**ASSIGNED TASK**: Exactly as they stand, the data below are to be printed again.

···

lemma bform_sum_right:
  "bform m G x (\<lambda>k. \<Sum>i\<in>I. \<alpha> i * u i k) = (\<Sum>i\<in>I. \<alpha> i * bform m G x (u i))"
  unfolding bform_def by (simp add: sum_distrib_left sum_distrib_right algebra_simps sum.swap[of _ I])

lemma unitriangular_span_prefix:
  fixes m r :: nat and v :: "nat \<Rightarrow> nat \<Rightarrow> 'a::comm_ring_1"
  assumes diag: "\<And>i. i \<in> {1..m} \<Longrightarrow> v i i = 1"
    and below: "\<And>i k. i \<in> {1..m} \<Longrightarrow> k \<in> {i<..m} \<Longrightarrow> v i k = 0"
    and "r \<le> m" "\<forall>k\<in>{r<..m}. x k = 0"
  shows "\<exists>\<alpha>. \<forall>k\<in>{1..m}. x k = (\<Sum>i=1..r. \<alpha> i * v i k)"
  using assms(3,4)
proof (induction r arbitrary: x)
  case 0
  then show ?case by auto
next
  case (Suc r)
  define x' where "x' k = x k - x (Suc r) * v (Suc r) k" for k
  have "x' k = 0" if "k \<in> {r<..m}" for k
    using that Suc.prems diag[of "Suc r"] below[of "Suc r" k]
    by (cases "k = Suc r") (auto simp: x'_def)
  then obtain \<alpha> where \<alpha>: "\<forall>k\<in>{1..m}. x' k = (\<Sum>i=1..r. \<alpha> i * v i k)"
    using Suc.IH[of x'] Suc.prems(1) by auto
  have "x k = (\<Sum>i=1..Suc r. (\<alpha>(Suc r := x (Suc r))) i * v i k)" if "k \<in> {1..m}" for k
    using \<alpha> that by (simp add: x'_def algebra_simps)
  then show ?case by blast
qed

lemma self_adjoint_wrt_unitriangular_basis:
  assumes "\<And>i. i \<in> {1..m} \<Longrightarrow> v i i = 1"
    and "\<And>i k. i \<in> {1..m} \<Longrightarrow> k \<in> {i<..m} \<Longrightarrow> v i k = 0"
    and basis: "\<And>i j. i \<in> {1..m} \<Longrightarrow> j \<in> {1..m} \<Longrightarrow>
      bform m G (mulv m M (v i)) (v j) = bform m G (v i) (mulv m M (v j))"
  shows "self_adjoint_wrt m G M"
  unfolding self_adjoint_wrt_def
proof (intro allI)
  fix x y
  obtain \<alpha> where \<alpha>: "\<forall>k\<in>{1..m}. x k = (\<Sum>i=1..m. \<alpha> i * v i k)"
    using unitriangular_span_prefix[of m v m, OF assms(1,2)] by auto
  obtain \<beta> where \<beta>: "\<forall>k\<in>{1..m}. y k = (\<Sum>j=1..m. \<beta> j * v j k)"
    using unitriangular_span_prefix[of m v m, OF assms(1,2)] by auto
  have Mx: "mulv m M x k = (\<Sum>i=1..m. \<alpha> i * mulv m M (v i) k)" for k
    using mulv_cong[of m x _ M k] \<alpha> by (simp add: mulv_sum)
  have My: "mulv m M y k = (\<Sum>j=1..m. \<beta> j * mulv m M (v j) k)" for k
    using mulv_cong[of m y _ M k] \<beta> by (simp add: mulv_sum)
  have "bform m G (mulv m M x) y =
      bform m G (\<lambda>k. \<Sum>i=1..m. \<alpha> i * mulv m M (v i) k) (\<lambda>k. \<Sum>j=1..m. \<beta> j * v j k)"
    using \<beta> by (intro bform_cong) (auto simp: Mx)
  also have "\<dots> = (\<Sum>i=1..m. \<alpha> i * (\<Sum>j=1..m. \<beta> j * bform m G (mulv m M (v i)) (v j)))"
    by (simp add: bform_sum_left bform_sum_right)
  also have "\<dots> = (\<Sum>i=1..m. \<alpha> i * (\<Sum>j=1..m. \<beta> j * bform m G (v i) (mulv m M (v j))))"
    using basis by simp
  also have "\<dots> = bform m G (\<lambda>k. \<Sum>i=1..m. \<alpha> i * v i k) (\<lambda>k. \<Sum>j=1..m. \<beta> j * mulv m M (v j) k)"
    by (simp add: bform_sum_left bform_sum_right)
  also have "\<dots> = bform m G x (mulv m M y)"
    using \<alpha> by (intro bform_cong) (auto simp: My)
  finally show "bform m G (mulv m M x) y = bform m G x (mulv m M y)" .
qed

lemma self_adjoint_wrt_diff:
  assumes "self_adjoint_wrt m G M" "self_adjoint_wrt m G N"
  shows "self_adjoint_wrt m G (\<lambda>i j. M i j - N i j)"
proof -
  have "mulv m (\<lambda>i j. M i j - N i j) x = (\<lambda>k. mulv m M x k - mulv m N x k)" for x
    by (rule ext) (simp add: mulv_def algebra_simps sum_subtractf)
  then show ?thesis
    using assms by (simp add: self_adjoint_wrt_def bform_diff_left bform_diff_right)
qed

···

**SOLUTION TO THIS EXERCISE**:
lemma bform_sum_right:
  "bform m G x (\<lambda>k. \<Sum>i\<in>I. \<alpha> i * u i k) = (\<Sum>i\<in>I. \<alpha> i * bform m G x (u i))"
  unfolding bform_def by (simp add: sum_distrib_left sum_distrib_right algebra_simps sum.swap[of _ I])

lemma unitriangular_span_prefix:
  fixes m r :: nat and v :: "nat \<Rightarrow> nat \<Rightarrow> 'a::comm_ring_1"
  assumes diag: "\<And>i. i \<in> {1..m} \<Longrightarrow> v i i = 1"
    and below: "\<And>i k. i \<in> {1..m} \<Longrightarrow> k \<in> {i<..m} \<Longrightarrow> v i k = 0"
    and "r \<le> m" "\<forall>k\<in>{r<..m}. x k = 0"
  shows "\<exists>\<alpha>. \<forall>k\<in>{1..m}. x k = (\<Sum>i=1..r. \<alpha> i * v i k)"
  using assms(3,4)
proof (induction r arbitrary: x)
  case 0
  then show ?case by auto
next
  case (Suc r)
  define x' where "x' k = x k - x (Suc r) * v (Suc r) k" for k
  have "x' k = 0" if "k \<in> {r<..m}" for k
    using that Suc.prems diag[of "Suc r"] below[of "Suc r" k]
    by (cases "k = Suc r") (auto simp: x'_def)
  then obtain \<alpha> where \<alpha>: "\<forall>k\<in>{1..m}. x' k = (\<Sum>i=1..r. \<alpha> i * v i k)"
    using Suc.IH[of x'] Suc.prems(1) by auto
  have "x k = (\<Sum>i=1..Suc r. (\<alpha>(Suc r := x (Suc r))) i * v i k)" if "k \<in> {1..m}" for k
    using \<alpha> that by (simp add: x'_def algebra_simps)
  then show ?case by blast
qed

lemma self_adjoint_wrt_unitriangular_basis:
  assumes "\<And>i. i \<in> {1..m} \<Longrightarrow> v i i = 1"
    and "\<And>i k. i \<in> {1..m} \<Longrightarrow> k \<in> {i<..m} \<Longrightarrow> v i k = 0"
    and basis: "\<And>i j. i \<in> {1..m} \<Longrightarrow> j \<in> {1..m} \<Longrightarrow>
      bform m G (mulv m M (v i)) (v j) = bform m G (v i) (mulv m M (v j))"
  shows "self_adjoint_wrt m G M"
  unfolding self_adjoint_wrt_def
proof (intro allI)
  fix x y
  obtain \<alpha> where \<alpha>: "\<forall>k\<in>{1..m}. x k = (\<Sum>i=1..m. \<alpha> i * v i k)"
    using unitriangular_span_prefix[of m v m, OF assms(1,2)] by auto
  obtain \<beta> where \<beta>: "\<forall>k\<in>{1..m}. y k = (\<Sum>j=1..m. \<beta> j * v j k)"
    using unitriangular_span_prefix[of m v m, OF assms(1,2)] by auto
  have Mx: "mulv m M x k = (\<Sum>i=1..m. \<alpha> i * mulv m M (v i) k)" for k
    using mulv_cong[of m x _ M k] \<alpha> by (simp add: mulv_sum)
  have My: "mulv m M y k = (\<Sum>j=1..m. \<beta> j * mulv m M (v j) k)" for k
    using mulv_cong[of m y _ M k] \<beta> by (simp add: mulv_sum)
  have "bform m G (mulv m M x) y =
      bform m G (\<lambda>k. \<Sum>i=1..m. \<alpha> i * mulv m M (v i) k) (\<lambda>k. \<Sum>j=1..m. \<beta> j * v j k)"
    using \<beta> by (intro bform_cong) (auto simp: Mx)
  also have "\<dots> = (\<Sum>i=1..m. \<alpha> i * (\<Sum>j=1..m. \<beta> j * bform m G (mulv m M (v i)) (v j)))"
    by (simp add: bform_sum_left bform_sum_right)
  also have "\<dots> = (\<Sum>i=1..m. \<alpha> i * (\<Sum>j=1..m. \<beta> j * bform m G (v i) (mulv m M (v j))))"
    using basis by simp
  also have "\<dots> = bform m G (\<lambda>k. \<Sum>i=1..m. \<alpha> i * v i k) (\<lambda>k. \<Sum>j=1..m. \<beta> j * mulv m M (v j) k)"
    by (simp add: bform_sum_left bform_sum_right)
  also have "\<dots> = bform m G x (mulv m M y)"
    using \<alpha> by (intro bform_cong) (auto simp: My)
  finally show "bform m G (mulv m M x) y = bform m G x (mulv m M y)" .
qed

lemma self_adjoint_wrt_diff:
  assumes "self_adjoint_wrt m G M" "self_adjoint_wrt m G N"
  shows "self_adjoint_wrt m G (\<lambda>i j. M i j - N i j)"
proof -
  have "mulv m (\<lambda>i j. M i j - N i j) x = (\<lambda>k. mulv m M x k - mulv m N x k)" for x
    by (rule ext) (simp add: mulv_def algebra_simps sum_subtractf)
  then show ?thesis
    using assms by (simp add: self_adjoint_wrt_def bform_diff_left bform_diff_right)
qed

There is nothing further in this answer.